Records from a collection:
= = =
(* Let $n\ge 1$ and let $\mathbb{X}:=\{x\in[0,1]^n \mid \sum_{i=1}^n x_i=1\}$ be the standard simplex. For $p\in\mathbb{R}^n$ let $\mathscr{M}(p):=\arg\max_{x\in\mathbb{X}} p^\top x$. Fix any $q\in\mathbb{R}^n$ and any $\bar{x}\in\mathscr{M}(q)$. Then the only vector $x\in\mathbb{X}$ satisfying $$x\in\mathscr{M}(\bar{x}-x+q)$$ is $x=\bar{x}$.
   Context: $\mathscr{M}:\mathbb{R}^n\to 2^{\mathbb{X}}$ is the best response map, i.e. $\mathscr{M}(p)$ is the set of maximizers of the linear function $x\mapsto p^\top x$ over the simplex $\mathbb{X}$. *)

theory Defs
  imports "HOL-Analysis.Analysis"
begin

definition std_simplex :: "(real ^ 'n) set" where
  "std_simplex = {x. (\<forall>i. 0 \<le> x $ i \<and> x $ i \<le> 1) \<and> (\<Sum>i\<in>UNIV. x $ i) = 1}"

definition best_response :: "real ^ 'n \<Rightarrow> (real ^ 'n) set" where
  "best_response p = {x \<in> std_simplex. \<forall>y \<in> std_simplex. p \<bullet> y \<le> p \<bullet> x}"

end

theory Submission
  imports Defs
begin

text \<open>The best response map is the normal cone map of the simplex, hence monotone. If
  \<open>x \<in> M(xbar - x + q)\<close> and \<open>xbar \<in> M(q)\<close>, monotonicity applied to the difference
  \<open>x - xbar\<close> of the two price vectors gives \<open>0 \<le> -\<parallel>xbar - x\<parallel>\<^sup>2\<close>, so \<open>x = xbar\<close>.\<close>

lemma maximizer_monotone:
  fixes p p' a b :: "'a::real_inner"
  assumes "a \<in> S" "b \<in> S"
    and "\<forall>y\<in>S. p \<bullet> y \<le> p \<bullet> a" and "\<forall>y\<in>S. p' \<bullet> y \<le> p' \<bullet> b"
  shows "0 \<le> (p - p') \<bullet> (a - b)"
proof -
  have "p \<bullet> b \<le> p \<bullet> a" "p' \<bullet> a \<le> p' \<bullet> b"
    using assms by auto
  then show ?thesis
    by (simp add: inner_diff_left inner_diff_right)
qed

lemma best_response_monotone:
  assumes "x \<in> best_response p" "y \<in> best_response p'"
  shows "0 \<le> (p - p') \<bullet> (x - y)"
  using assms by (intro maximizer_monotone[of x std_simplex y]) (auto simp: best_response_def)

theorem lemma1:
  fixes q xbar :: "real ^ 'n"
  assumes "xbar \<in> best_response q"
  shows "{x \<in> std_simplex. x \<in> best_response (xbar - x + q)} = {xbar}"
proof (intro equalityI subsetI)
  fix x
  assume "x \<in> {x \<in> std_simplex. x \<in> best_response (xbar - x + q)}"
  then have "0 \<le> (q - (xbar - x + q)) \<bullet> (xbar - x)"
    using best_response_monotone[OF assms, of x "xbar - x + q"] by blast
  also have "\<dots> = - ((xbar - x) \<bullet> (xbar - x))"
    by (simp add: algebra_simps)
  finally have "\<not> 0 < (xbar - x) \<bullet> (xbar - x)"
    by linarith
  then show "x \<in> {xbar}"
    unfolding inner_gt_zero_iff by simp
next
  show "x \<in> {x \<in> std_simplex. x \<in> best_response (xbar - x + q)}" if "x \<in> {xbar}" for x
    using assms that by (simp add: best_response_def)
qed

end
= = =
Exercise description:
Go through the entries and return each line where the word "assms" occurs.

Task response:
    using assms by auto
  using assms by (intro maximizer_monotone[of x std_simplex y]) (auto simp: best_response_def)
    using best_response_monotone[OF assms, of x "xbar - x + q"] by blast
    using assms that by (simp add: best_response_def)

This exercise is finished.